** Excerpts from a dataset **
(* Let $m\ge 2$ be an integer and consider the system $$\frac{du_i}{dt}=-a_iu_i+\sum_{j=1}^m w_{ij}f_j(u_j)+k\,\varphi_i(\rho)\,u_i+J_i-P\,u_i\sum_{j=1}^m\Gamma(u_j),\quad 1\le i\le m,\qquad \frac{d\rho}{dt}=\sum_{i=1}^m\gamma_iu_i-b\rho,\quad t>0,$$ with initial data $u_i(0)=u_i^0$, $\rho(0)=\rho^0$, where $\Gamma(s)=\dfrac{1}{1+\exp[-r(s-V)]}$ with $r>0$, $V\in\mathbb{R}$, and $P>0$. Assume $a_i,b,\beta,\eta_i,k$ are positive constants, $w_{ij},J_i,\gamma_i$ are real constants, the functions $f_i,\varphi_i:\mathbb{R}\to\mathbb{R}$ are locally Lipschitz continuous, and for all $s\in\mathbb{R}$ and $1\le i\le m$: $a_i>k$, $|f_i(s)|\le\beta$, and $\varphi_i(s)=1-\eta_is^2$. Then for every initial state $g^0=(u_1^0,\dots,u_m^0,\rho^0)\in\mathbb{R}^{m+1}$ there exists a unique global solution $g(t;g^0)=(u_1(t),\dots,u_m(t),\rho(t))$ defined for all $t\in[0,\infty)$. *)

theory Defs
  imports "HOL-Analysis.Analysis"
begin

definition locally_lipschitz_real :: "(real \<Rightarrow> real) \<Rightarrow> bool" where
  "locally_lipschitz_real g \<longleftrightarrow> (\<forall>x. \<exists>e>0. \<exists>L. L-lipschitz_on (cball x e) g)"

definition Gam :: "real \<Rightarrow> real \<Rightarrow> real \<Rightarrow> real" where
  "Gam r V s = 1 / (1 + exp (- r * (s - V)))"
(* Let $\delta\in(0,1)$. The meta-algorithm described in the context, with the commitment subroutine \textsc{CommitUnknown} (parameter $\delta$), guarantees, with probability at least $1-\delta/3$, \[ R(\ell^\star)\le 1+20\ln T\,\ln(T/\delta). \]
   Context: Robust dynamic pricing: there are $T$ rounds and an unknown valuation $v^\star\in[0,1)$. At each round $t$ the seller posts a price $p_t\in[0,1]$. The true sale indicator is $y_t=\mathbbm 1\{p_t\le v^\star\}$; the seller observes $\sigma_t\in\{0,1\}$, which differs from $y_t$ in at most $C$ rounds. The adversary decides whether to corrupt round $t$ based on the history and on the seller's distribution over $p_t$, but not on the realized $p_t$. Meta-algorithm: let $D=\lceil\log_2 T\rceil$. Consider the complete binary tree of intervals of depth $D$ with root $[0,1)$, where each non-leaf node $[L,R)$ has children $[L,M)$ and $[M,R)$, $M=(L+R)/2$; the depth-$D$ nodes are the leaves (each of length at most $1/T$), and $\ell^\star$ is the unique leaf containing $v^\star$. The algorithm keeps a current node $I$, initially the root, and repeats until the horizon ends: if $I=[L,R)$ is not a leaf, it performs a safety check — post $L$ and observe $\sigma_L$, post $R$ and observe $\sigma_R$; the check fails if $\sigma_L=0$ or $\sigma_R=1$ (by convention the query at $L=0$ and the query at $R=1$ always count as passing). On failure $I$ becomes its parent; otherwise it posts $M$, observes $\sigma_M$, and $I$ becomes $[M,R)$ if $\sigma_M=1$ and $[L,M)$ if $\sigma_M=0$. If $I$ is a leaf, the commitment subroutine is run on $I$; if it returns FAIL, $I$ becomes its parent. \textsc{CommitUnknown} with parameter $\delta$: each leaf $\ell$ has a counter $s_\ell$, initialized to $0$ at the start of the horizon and never reset. On leaf $\ell=[L,R)$ it repeats the following two-round block: post $L$ and observe $\sigma_L$; if $\sigma_L=0$ return FAIL. Increase $s_\ell$ by $1$ and sample, independently of everything else, $B\sim\mathrm{Bernoulli}(\min\{4\ln(T/\delta)/s_\ell,1\})$. If $B=0$, post $L$ and observe $\sigma_L$, returning FAIL if $\sigma_L=0$; if $B=1$, post $R$ and observe $\sigma_R$, returning FAIL if $\sigma_R=1$. For a leaf $\ell$, $Q(\ell)$ is the set of rounds during which the commitment subroutine runs on $\ell$, and $R(\ell)=\sum_{t\in Q(\ell)}(v^\star-p_t\mathbbm 1\{p_t\le v^\star\})$. *)

theory Defs
  imports "HOL-Probability.Probability"
begin

text \<open>Nodes of the complete binary tree of depth D are pairs (d,k) with d \<le> D and k < 2^d,
  standing for the interval [k/2^d, (k+1)/2^d).  The root is (0,0).\<close>

definition depthD :: "nat \<Rightarrow> nat" where
  "depthD T = nat \<lceil>log 2 (real T)\<rceil>"

definition nodeL :: "nat \<times> nat \<Rightarrow> real" where
  "nodeL n = real (snd n) / 2 ^ fst n"

definition nodeR :: "nat \<times> nat \<Rightarrow> real" where
  "nodeR n = (real (snd n) + 1) / 2 ^ fst n"

definition nodeM :: "nat \<times> nat \<Rightarrow> real" where
  "nodeM n = (nodeL n + nodeR n) / 2"

definition parent :: "nat \<times> nat \<Rightarrow> nat \<times> nat" where
  "parent n = (fst n - 1, snd n div 2)"

definition child :: "nat \<times> nat \<Rightarrow> bool \<Rightarrow> nat \<times> nat" where
  "child n b = (Suc (fst n), 2 * snd n + (if b then 1 else 0))"

definition is_leaf :: "nat \<Rightarrow> nat \<times> nat \<Rightarrow> bool" where
  "is_leaf T n \<longleftrightarrow> fst n = depthD T"

definition leaf_of :: "nat \<Rightarrow> real \<Rightarrow> nat \<times> nat" where
  "leaf_of T v = (depthD T, nat \<lfloor>v * 2 ^ depthD T\<rfloor>)"
theorem corollary1:
  fixes L :: "real set" and n N :: nat
    and x :: "nat \<Rightarrow> nat \<Rightarrow> real" and \<alpha> :: "nat \<Rightarrow> real"
  assumes scale: "valid_scale L"
    and data_x: "\<forall>k \<in> {1..N}. \<forall>i \<in> crit n. x k i \<in> L"
    and data_alpha: "\<forall>k \<in> {1..N}. \<alpha> k \<in> L"
    and exists: "\<exists>\<mu>. capacity L n \<mu> \<and> represents n N x \<alpha> \<mu>"
  shows
    "(capacity L n (mu_e N x \<alpha>) \<and> represents n N x \<alpha> (mu_e N x \<alpha>) \<and>
      (\<forall>\<mu>. capacity L n \<mu> \<and> represents n N x \<alpha> \<mu> \<longrightarrow>
            (\<forall>A \<subseteq> crit n. \<mu> A \<le> mu_e N x \<alpha> A)))
   \<and> (capacity L n (mu_f n N x \<alpha>) \<and> represents n N x \<alpha> (mu_f n N x \<alpha>) \<and>
      (\<forall>\<mu>. capacity L n \<mu> \<and> represents n N x \<alpha> \<mu> \<longrightarrow>
            (\<forall>A \<subseteq> crit n. mu_f n N x \<alpha> A \<le> \<mu> A)))
   \<and> (\<forall>\<mu>. capacity L n \<mu> \<and> represents n N x \<alpha> \<mu> \<longrightarrow>
            (\<forall>A \<subseteq> crit n. mu_f n N x \<alpha> A \<le> \<mu> A \<and> \<mu> A \<le> mu_e N x \<alpha> A))"
proof -
  obtain \<mu> where cap: "capacity L n \<mu>" and rep: "represents n N x \<alpha> \<mu>"
    using exists by blast
  have L01: "L \<subseteq> {0..1}"
    using scale by (auto simp: valid_scale_def)
  with data_alpha have alpha_ge0: "\<forall>k \<in> {1..N}. 0 \<le> \<alpha> k"
    and alpha_le1: "\<forall>k \<in> {1..N}. \<alpha> k \<le> 1"
    by fastforce+
  have upper: "\<forall>\<nu>. capacity L n \<nu> \<and> represents n N x \<alpha> \<nu> \<longrightarrow>
      (\<forall>A \<subseteq> crit n. \<nu> A \<le> mu_e N x \<alpha> A)"
    using capacity_le_mu_e by blast
  have lower: "\<forall>\<nu>. capacity L n \<nu> \<and> represents n N x \<alpha> \<nu> \<longrightarrow>
      (\<forall>A \<subseteq> crit n. mu_f n N x \<alpha> A \<le> \<nu> A)"
    using mu_f_le_capacity by blast
  show ?thesis
    using capacity_mu_e[OF cap rep L01 data_alpha] represents_mu_e[OF cap rep alpha_ge0]
      capacity_mu_f[OF cap rep L01 data_alpha] represents_mu_f[OF cap rep alpha_le1]
      upper lower
    by blast
qed

end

** What you need to do **
Which lines of the data contain the string "scale"? Copy each of them.

** Task answer **
  assumes scale: "valid_scale L"
    using scale by (auto simp: valid_scale_def)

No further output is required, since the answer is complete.